You've put this under the --- marker which means this is not supposed to
be in the changelog (as we do for various patch revision commments) but
then there would be basically no useful changelog left. That the
conversion is done is clear, maybe there are some useful notes or
comments what changed and how, eg. the locking.
Gabriel Niebler April 14, 2022, 9:26 a.m. UTC | #3
Am 13.04.22 um 15:34 schrieb Nikolay Borisov:
> On 12.04.22 г. 15:35 ч., Gabriel Niebler wrote:
>> […]
>> diff --git a/fs/btrfs/delayed-inode.c b/fs/btrfs/delayed-inode.c
>> index 748bf6b0d860..89e1c39c2aef 100644
>> --- a/fs/btrfs/delayed-inode.c
>> +++ b/fs/btrfs/delayed-inode.c
>> @@ -78,7 +78,7 @@ static struct btrfs_delayed_node 
>> *btrfs_get_delayed_node(
>>       }
>>       spin_lock(&root->inode_lock);
>> -    node = radix_tree_lookup(&root->delayed_nodes_tree, ino);
>> +    node = xa_load(&root->delayed_nodes, (unsigned long)ino);
> 
> Isn't this problematic, because  you'd be truncating the ino in case we 
> have a number which is larger than unsigned long.

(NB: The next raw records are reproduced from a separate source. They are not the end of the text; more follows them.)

(* Let $\psi:C_Z\to\mathbb{R}$ be an increasing convex functional such that for every $X\in C_Z$ there exists $\varepsilon>0$ with $\lim_{z\to+\infty}\psi(X+\varepsilon(Z-z)^+)=\psi(X)$. Then $$\psi(X)=\max_{\mu\in ca^+_Z}\big(\langle X,\mu\rangle-\psi^*_{C_Z}(\mu)\big)\quad\text{for all }X\in C_Z,$$ the supremum being attained.
   Context: Fix integers $J\ge0$, $T\ge1$. $\Omega$ is a non-empty subset of $((0,\infty)\times\mathbb{R}^J)^T$ with the Euclidean metric. $Z:\Omega\to[1,\infty)$ is continuous with $\{\omega\in\Omega:Z(\omega)\le z\}$ compact for every $z\in\mathbb{R}_+$. $C_Z$ is the space of continuous $X:\Omega\to\mathbb{R}$ with $X/Z$ bounded. $ca^+_Z$ is the set of (nonnegative) Borel measures $\mu$ on $\Omega$ with $\langle Z,\mu\rangle:=\int Z\,d\mu<\infty$; $\langle X,\mu\rangle=\int X\,d\mu$. $\psi$ increasing means $\psi(X)\ge\psi(Y)$ whenever $X\ge Y$. $\psi^*_{C_Z}(\mu)=\sup_{X\in C_Z}(\langle X,\mu\rangle-\psi(X))$ for $\mu\in ca^+_Z$. *)

theory Defs
  imports "HOL-Analysis.Analysis" "HOL-Probability.Probability"
begin

text \<open>Points of Omega live in ((0,oo) x R^J)^T, encoded as vectors indexed by a finite
  type 't (T = CARD('t)) whose entries are pairs (price, R^J-part) with R^J = real^'j.\<close>

type_synonym ('j, 't) state = "(real \<times> (real ^ 'j)) ^ 't"

definition state_space :: "('j::finite, 't::finite) state set" where
  "state_space = {\<omega>. \<forall>t. 0 < fst (\<omega> $ t)}"

definition CZ :: "'a::metric_space set \<Rightarrow> ('a \<Rightarrow> real) \<Rightarrow> ('a \<Rightarrow> real) set" where
  "CZ \<Omega> Z = {X. continuous_on \<Omega> X \<and> (\<exists>c. \<forall>\<omega>\<in>\<Omega>. \<bar>X \<omega> / Z \<omega>\<bar> \<le> c)}"

definition caZ :: "'a::metric_space set \<Rightarrow> ('a \<Rightarrow> real) \<Rightarrow> 'a measure set" where
  "caZ \<Omega> Z = {\<mu>. sets \<mu> = sets (restrict_space borel \<Omega>) \<and>
                  (\<integral>\<^sup>+ \<omega>. ennreal (Z \<omega>) \<partial>\<mu>) < \<infinity>}"
lemma joint_rectangle:
  assumes r: "r < 2 ^ k" and C: "C \<in> sets MZ"
  shows "2 ^ k * emeasure (joint k) (C \<times> Acyl r k) = emeasure (shift_pow r (\<theta>s k)) C"
proof -
  have "(\<lambda>w. ((shift ^^ r') w, bit r')) -` (C \<times> Acyl r k) = (if r' = r then (shift ^^ r) -` C else {})"
    if "r' < 2 ^ k" for r'
    using that r by (auto simp: Acyl_eq residue_bit)
  then have "(\<Sum>r'<2 ^ k. emeasure (\<theta>s k) ((\<lambda>w. ((shift ^^ r') w, bit r')) -` (C \<times> Acyl r k)))
      = (\<Sum>r'<2 ^ k. if r' = r then emeasure (\<theta>s k) ((shift ^^ r) -` C) else 0)"
    by (intro sum.cong) simp_all
  also have "\<dots> = emeasure (\<theta>s k) ((shift ^^ r) -` C)"
    using r by simp
  finally have sum: "(\<Sum>r'<2 ^ k. emeasure (\<theta>s k) ((\<lambda>w. ((shift ^^ r') w, bit r')) -` (C \<times> Acyl r k)))
      = emeasure (\<theta>s k) ((shift ^^ r) -` C)" .
  show ?thesis
    using C by (simp add: emeasure_joint sum emeasure_shift_pow ennreal_times_divide)
qed

lemma space_joint [simp]: "space (joint k) = UNIV"
  using sets_eq_imp_space_eq[OF sets_joint] by (simp add: space_MP)

lemma thetas_average_double:
  assumes "B \<in> sets MZ"
  shows "emeasure (\<theta>s (Suc k)) B + emeasure (shift_pow (2 ^ k) (\<theta>s (Suc k))) B = 2 * emeasure (\<theta>s k) B"
proof -
  have "2 * emeasure (\<theta>s k) B
      = 2 * ((emeasure (\<theta>s (Suc k)) B + emeasure (shift_pow (2 ^ k) (\<theta>s (Suc k))) B) / 2)"
    by (subst thetas_average[OF assms, of k]) (rule refl)
  also have "\<dots> = emeasure (\<theta>s (Suc k)) B + emeasure (shift_pow (2 ^ k) (\<theta>s (Suc k))) B"
    unfolding ennreal_times_divide by (rule ennreal_mult_divide_cancel_left) simp_all
  finally show ?thesis ..
qed

lemma measurable_joint_truncate: "map_prod id (truncate k) \<in> joint k' \<rightarrow>\<^sub>M MP"
  by (simp cong: measurable_cong_sets)

lemma measurable_joint_restrict_coords:
  "(\<lambda>p. restrict (coords p) J) \<in> joint k \<rightarrow>\<^sub>M PiM J (\<lambda>_. borel)"
  by (simp cong: measurable_cong_sets)

lemma distr_joint_Suc_truncate: "distr (joint (Suc k)) MP (map_prod id (truncate k)) = joint k"
proof (rule measure_eqI)
  fix X assume "X \<in> sets (distr (joint (Suc k)) MP (map_prod id (truncate k)))"
  then have X: "X \<in> sets MP"
    by simp
  define B where "B s = (\<lambda>w. ((shift ^^ s) w, bit s)) -` X" for s
  have B: "B s \<in> sets MZ" for s
    using measurable_sets[OF _ X, of "\<lambda>w. ((shift ^^ s) w, bit s)" MZ] by (simp add: B_def)
  have low: "(\<lambda>w. ((shift ^^ s) w, bit s)) -` (map_prod id (truncate k) -` X) = B s"
    and high: "(\<lambda>w. ((shift ^^ (s + 2 ^ k)) w, bit (s + 2 ^ k))) -` (map_prod id (truncate k) -` X)
      = (shift ^^ 2 ^ k) -` B s" if "s < 2 ^ k" for s
    using that by (auto simp: B_def truncate_bit funpow_add)
  have tX: "map_prod id (truncate k) -` X \<in> sets MP"
    using measurable_sets[OF _ X, of "map_prod id (truncate k)" MP] by (simp add: space_MP map_prod_def)
  have "emeasure (distr (joint (Suc k)) MP (map_prod id (truncate k))) X
      = emeasure (joint (Suc k)) (map_prod id (truncate k) -` X)"
    using emeasure_distr[OF measurable_joint_truncate X] by simp
  also have "\<dots> = (\<Sum>r<2 * 2 ^ k. emeasure (\<theta>s (Suc k))
      ((\<lambda>w. ((shift ^^ r) w, bit r)) -` (map_prod id (truncate k) -` X))) / (2 * 2 ^ k)"
    using emeasure_joint[OF tX] by simp
  also have "(\<Sum>r<2 * 2 ^ k. emeasure (\<theta>s (Suc k))
      ((\<lambda>w. ((shift ^^ r) w, bit r)) -` (map_prod id (truncate k) -` X)))
    = (\<Sum>s<2 ^ k. emeasure (\<theta>s (Suc k)) (B s) + emeasure (shift_pow (2 ^ k) (\<theta>s (Suc k))) (B s))"
    unfolding sum_lessThan_double using B by (intro sum.cong) (simp_all add: low high emeasure_shift_pow)
  also have "\<dots> = 2 * (\<Sum>s<2 ^ k. emeasure (\<theta>s k) (B s))"
    using B by (simp add: thetas_average_double sum_distrib_left)
  also have "2 * (\<Sum>s<2 ^ k. emeasure (\<theta>s k) (B s)) / (2 * 2 ^ k) = (\<Sum>s<2 ^ k. emeasure (\<theta>s k) (B s)) / 2 ^ k"
    by (rule ennreal_mult_divide_mult_cancel_left) simp_all
  also have "\<dots> = emeasure (joint k) X"
    using X by (simp add: emeasure_joint B_def)
  finally show "emeasure (distr (joint (Suc k)) MP (map_prod id (truncate k))) X = emeasure (joint k) X" .
qed simp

For architectures 
> which use long as a 64 bit type this cast is a noop since u64 is defined 
> as unsigned long (via typedef unsigned long __u64; typedef __u64 u64). 
> But on arches which use long long for their 64bit type then this would 
> truncate the ino number, so I think this cast is redundant. In any case 
> the code is broken for u64 for arches which use long long and as the 
> author of xarray put it just now:
> 
> <willy> yup.  It's not a great data structure for storing u64s in
> 
> However, looking at the existing radix_tree_insert the index is also an 
> unsigned long. TLDR is remove the cast.

Right. This is something I wasn't too sure of myself and I lacked the 
deeper understanding to make a better informed decision here, so thank 
you for your insight. I will remove the cast.

In particular, the fact that radix trees already have this problem was 
something I missed (even though it's kind of clear that they must, as 
it's the same data structure under the hood, but I didn't look too 
closely at the functions and the fact they take an unsigned long in the 
same places as the XArray equivalents).

This will also play a role in upcoming patches where I often did the 
same cast, but now I know that I don't need it. If it worked before, it 
will work after.

>> @@ -1870,29 +1863,32 @@ void btrfs_kill_delayed_inode_items(struct 
>> btrfs_inode *inode)
>>   void btrfs_kill_all_delayed_nodes(struct btrfs_root *root)
>>   {
>> -    u64 inode_id = 0;
>> +    unsigned long index;
>> +    struct btrfs_delayed_node *delayed_node;
>>       struct btrfs_delayed_node *delayed_nodes[8];
>>       int i, n;
>>       while (1) {
>>           spin_lock(&root->inode_lock);
>> -        n = radix_tree_gang_lookup(&root->delayed_nodes_tree,
>> -                       (void **)delayed_nodes, inode_id,
>> -                       ARRAY_SIZE(delayed_nodes));
>> -        if (!n) {
>> +        if (xa_empty(&root->delayed_nodes)) {
>>               spin_unlock(&root->inode_lock);
>>               break;
>>           }
>> -        inode_id = delayed_nodes[n - 1]->inode_id + 1;
>> -        for (i = 0; i < n; i++) {
>> +        n = 0;
>> +        xa_for_each_start(&root->delayed_nodes, index,
>> +                  delayed_node, index) {
> 
> Here index is used not only as the index of the current entry but also 
> as the "start from this index". But you are not actually initializing it 
> so index has garbage on the first iteration. If you want to start from 
> the 0th index then you should initialize it when defining it.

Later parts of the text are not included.